Data for the task
(* Let $\kappa_{\mathrm{charge}(3)}$ denote the growth rate of the charge(3) model and $\kappa_{Q\text{-charge}}$ the growth rate of the $Q$-charge model on the square lattice, as defined in the context. Then $\kappa_{\mathrm{charge}(3)} = \kappa_{Q\text{-charge}}$.
   Context: Work on the finite square lattice $[1,N]^2\subset\mathbb{Z}^2$, whose $N^2$ vertices carry spins $\oplus=+1$ or $\ominus=-1$. A spin configuration satisfies the charge(3) constraint if for every horizontal or vertical segment of consecutive vertices, the sum of the spins along that segment lies between $-3$ and $+3$. Let $Z^{\mathrm{ch}}_N$ be the number of charge(3) configurations on $[1,N]^2$. The $Q$-charge model places states on the bonds of $[1,N]^2$, including boundary bonds (so every vertex has exactly four incident bonds: north, west, east, south). Each bond state is an integer in $\{0,1,2,3\}$. A labelling is valid if at every vertex with north bond state $a$, west bond state $b$, east bond state $c$ and south bond state $d$, one has $d-a=c-b=\pm 1$ (both differences equal to the same value $+1$ or $-1$). Let $Z^{Q}_N$ be the number of valid $Q$-charge labellings. (Intuitively, the state of a horizontal (resp. vertical) bond is the cumulative charge after reading the spin to its west (resp. north), so a charge(3) configuration maps to one or more $Q$-charge configurations.) The growth rate of a model is $\kappa=\lim_{N\to\infty} Z_N^{1/N^2}$, where $Z_N$ is its number of valid configurations on $[1,N]^2$ (these limits are taken to exist). *)

theory Defs
  imports Complex_Main "HOL-Library.FuncSet"
begin
(* Let $X$ be an amoebot structure with $n$ amoebots satisfying the standing assumptions below, and let $S_1,S_2\subseteq X$ be non-empty. Suppose an $S_1$-shortest path forest and an $S_2$-shortest path forest are given (each amoebot knows whether it is in $S_1$, in $S_2$, and its parent in each forest). There is an algorithm in the reconfigurable circuit model (the merging algorithm) that computes an $(S_1\cup S_2)$-shortest path forest within $O(\log n)$ rounds.
   Context: Geometric amoebot model with reconfigurable circuits: $G_\Delta$ is the infinite regular triangular grid graph; an amoebot structure is a finite set $X$ of grid nodes, $n=|X|$, each occupied by an anonymous constant-memory amoebot, with $G_X=(X,E_X)$ the induced subgraph, assumed connected. Each edge of $G_X$ is replaced by a constant number of external links with pins at both endpoints (labeling agreed by neighbors); each amoebot partitions its pins into partition sets; circuits are connected components of the graph on all partition sets joined by external links. In synchronous rounds every amoebot may update its state, change its partition and beep on partition sets; beeps are received at the start of the next round by all partition sets of the same circuit (without sender identity or count). Standing assumptions: $X$ has no holes (the subgraph induced by $V_\Delta\setminus X$ is connected), amoebots share compass orientation and chirality, and a unique leader is known. An $S$-shortest path forest is a family of rooted trees $T_s=(V_s,E_s)$, $s\in S$, $V_s\subseteq X$, $E_s\subseteq E_X$, rooted at $s$, with pairwise disjoint $V_s$ covering $X$, such that for every $u\in V_s$ the tree path from $s$ to $u$ is a shortest path in $G_X$ and $s$ is a closest amoebot of $S$ to $u$; computing it means every amoebot not in $S$ knows its parent. *)

theory Defs
  imports Complex_Main
begin

section \<open>Triangular grid (axial coordinates)\<close>

type_synonym node = "int \<times> int"

text \<open>Six compass directions 0..5 (shared orientation and chirality).\<close>
definition delta :: "nat \<Rightarrow> int \<times> int" where
  "delta d = (if d = 0 then (1,0) else if d = 1 then (0,1) else if d = 2 then (-1,1)
              else if d = 3 then (-1,0) else if d = 4 then (0,-1) else (1,-1))"
lemma lyapunov_solution_symmetric:
  fixes A S B :: "real mat"
  assumes A: "A \<in> carrier_mat n n" and S: "S \<in> carrier_mat n n" and B: "B \<in> carrier_mat n m"
    and stable: "\<And>i j. i < n \<Longrightarrow> j < n \<Longrightarrow> (\<lambda>k. (A ^\<^sub>m k) $$ (i, j)) \<longlonglongrightarrow> 0"
    and lyap: "S = A * S * A\<^sup>T + B * B\<^sup>T"
  shows "S\<^sup>T = S"
proof -
  let ?T = "\<lambda>x y k. ((A ^\<^sub>m k)\<^sup>T *\<^sub>v x) \<bullet> (S *\<^sub>v ((A ^\<^sub>m k)\<^sup>T *\<^sub>v y))"
  have form_sym: "x \<bullet> (S *\<^sub>v y) = y \<bullet> (S *\<^sub>v x)" if x: "x \<in> carrier_vec n" and y: "y \<in> carrier_vec n" for x y
  proof -
    let ?G = "\<lambda>x y j. (B\<^sup>T *\<^sub>v ((A ^\<^sub>m j)\<^sup>T *\<^sub>v x)) \<bullet> (B\<^sup>T *\<^sub>v ((A ^\<^sub>m j)\<^sup>T *\<^sub>v y))"
    have G_comm: "?G x y j = ?G y x j" for j
    proof (rule comm_scalar_prod)
      have "B\<^sup>T \<in> carrier_mat m n" "(A ^\<^sub>m j)\<^sup>T \<in> carrier_mat n n" using A B by auto
      then show "B\<^sup>T *\<^sub>v ((A ^\<^sub>m j)\<^sup>T *\<^sub>v x) \<in> carrier_vec m" "B\<^sup>T *\<^sub>v ((A ^\<^sub>m j)\<^sup>T *\<^sub>v y) \<in> carrier_vec m"
        using x y by (meson mult_mat_vec_carrier)+
    qed
    have G_sum: "(\<Sum>j<k. ?G x y j) = (\<Sum>j<k. ?G y x j)" for k
      by (intro sum.cong refl) (rule G_comm)
    have "x \<bullet> (S *\<^sub>v y) - y \<bullet> (S *\<^sub>v x) = ?T x y k - ?T y x k" for k
      using G_sum[of k] lyapunov_form_iterate[OF A S B lyap x y, of k] lyapunov_form_iterate[OF A S B lyap y x, of k]
      by linarith
    moreover have "(\<lambda>k. ?T x y k - ?T y x k) \<longlonglongrightarrow> 0 - 0"
      by (intro tendsto_diff stable_pow_form_tendsto_0[OF A S stable] x y)
    ultimately have "(\<lambda>k. x \<bullet> (S *\<^sub>v y) - y \<bullet> (S *\<^sub>v x)) \<longlonglongrightarrow> 0"
      by simp
    then show ?thesis
      using LIMSEQ_unique[OF tendsto_const] by fastforce
  qed
  show ?thesis
  proof (rule eq_matI)
    fix i j assume "i < dim_row S" "j < dim_col S"
    then show "S\<^sup>T $$ (i, j) = S $$ (i, j)"
      using form_sym[of "unit_vec n i" "unit_vec n j"] S by simp
  qed (use S in simp_all)
qed
lemma padded_sum_prefix_Suc:
  assumes g: "2 \<le> g" and h: "0 < h" and gaps: "small_gaps g h W" and "p \<in> W"
    and IH: "\<And>k m. k \<le> h \<Longrightarrow> k \<le> m \<Longrightarrow> m \<le> h * (g - 1) * prefix_weight g W p \<Longrightarrow>
      padded_sum h k (A_set g (W \<inter> {..<p})) m"
    and "k \<le> h" "k \<le> m" "m \<le> h * (g - 1) * prefix_weight g W (Suc p)"
  shows "padded_sum h k (A_set g (W \<inter> {..<Suc p})) m"
proof -
  define v where "v = g ^ p"
  define V where "V = h * (g - 1) * prefix_weight g W p"
  have "0 < v" using g by (simp add: v_def)
  have gap: "v + h \<le> V + 2" if "0 < p"
    using gaps \<open>p \<in> W\<close> that by (simp add: small_gaps_def v_def V_def)
  have "v \<le> V + 1" using gap h by (cases "p = 0") (auto simp: v_def V_def)
  moreover have "m \<le> V + h * (g - 1) * v"
    using assms(8) \<open>p \<in> W\<close> by (simp add: prefix_weight_Suc V_def v_def algebra_simps)
  ultimately obtain j where j: "j \<le> h * (g - 1)" "j * v \<le> m" "m - j * v \<le> V"
      "0 < j \<Longrightarrow> V < m - j * v + v"
    using least_digit_count[OF \<open>0 < v\<close>] by blast
  txt \<open>The \<open>j\<close> units at position \<open>p\<close> serve the summands \<open>k - j, ..., k - 1\<close>; if \<open>j > 0\<close>, the
    gap condition leaves a remainder of at least \<open>h - 1 \<ge> k - j\<close> for the others.\<close>
  have "k - j \<le> m - j * v"
  proof (cases "0 < j \<and> 0 < p")
    case True
    then show ?thesis using gap j(4) \<open>k \<le> h\<close> by auto
  next
    case False
    then show ?thesis using j \<open>k \<le> m\<close> by (auto simp: V_def v_def)
  qed
  then have "padded_sum h (k - j) (A_set g (W \<inter> {..<p})) (m - j * v)"
    using IH \<open>k \<le> h\<close> j(3) unfolding V_def by simp
  moreover have "{k - j..<k} \<subseteq> {..<h}" "card {k - j..<k} \<le> j" using \<open>k \<le> h\<close> by auto
  then obtain x where "\<forall>i<h. x i \<le> g - 1" "\<forall>i\<in>{k - j..<k}. 1 \<le> x i" "(\<Sum>i<h. x i) = j"
    using digits_with_sum[OF g j(1)] by blast
  ultimately have "padded_sum h k (A_set g (insert p (W \<inter> {..<p}))) (m - j * v + j * g ^ p)"
    using padded_sum_add_digits \<open>k \<le> h\<close> by blast
  moreover have "W \<inter> {..<Suc p} = insert p (W \<inter> {..<p})" using \<open>p \<in> W\<close> by (auto simp: less_Suc_eq)
  ultimately show ?thesis using j(2) by (simp add: v_def)
qed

Exercise brief
Read the entries and show each line that mentions "cases".

Output of the exercise
  have "v \<le> V + 1" using gap h by (cases "p = 0") (auto simp: v_def V_def)
  proof (cases "0 < j \<and> 0 < p")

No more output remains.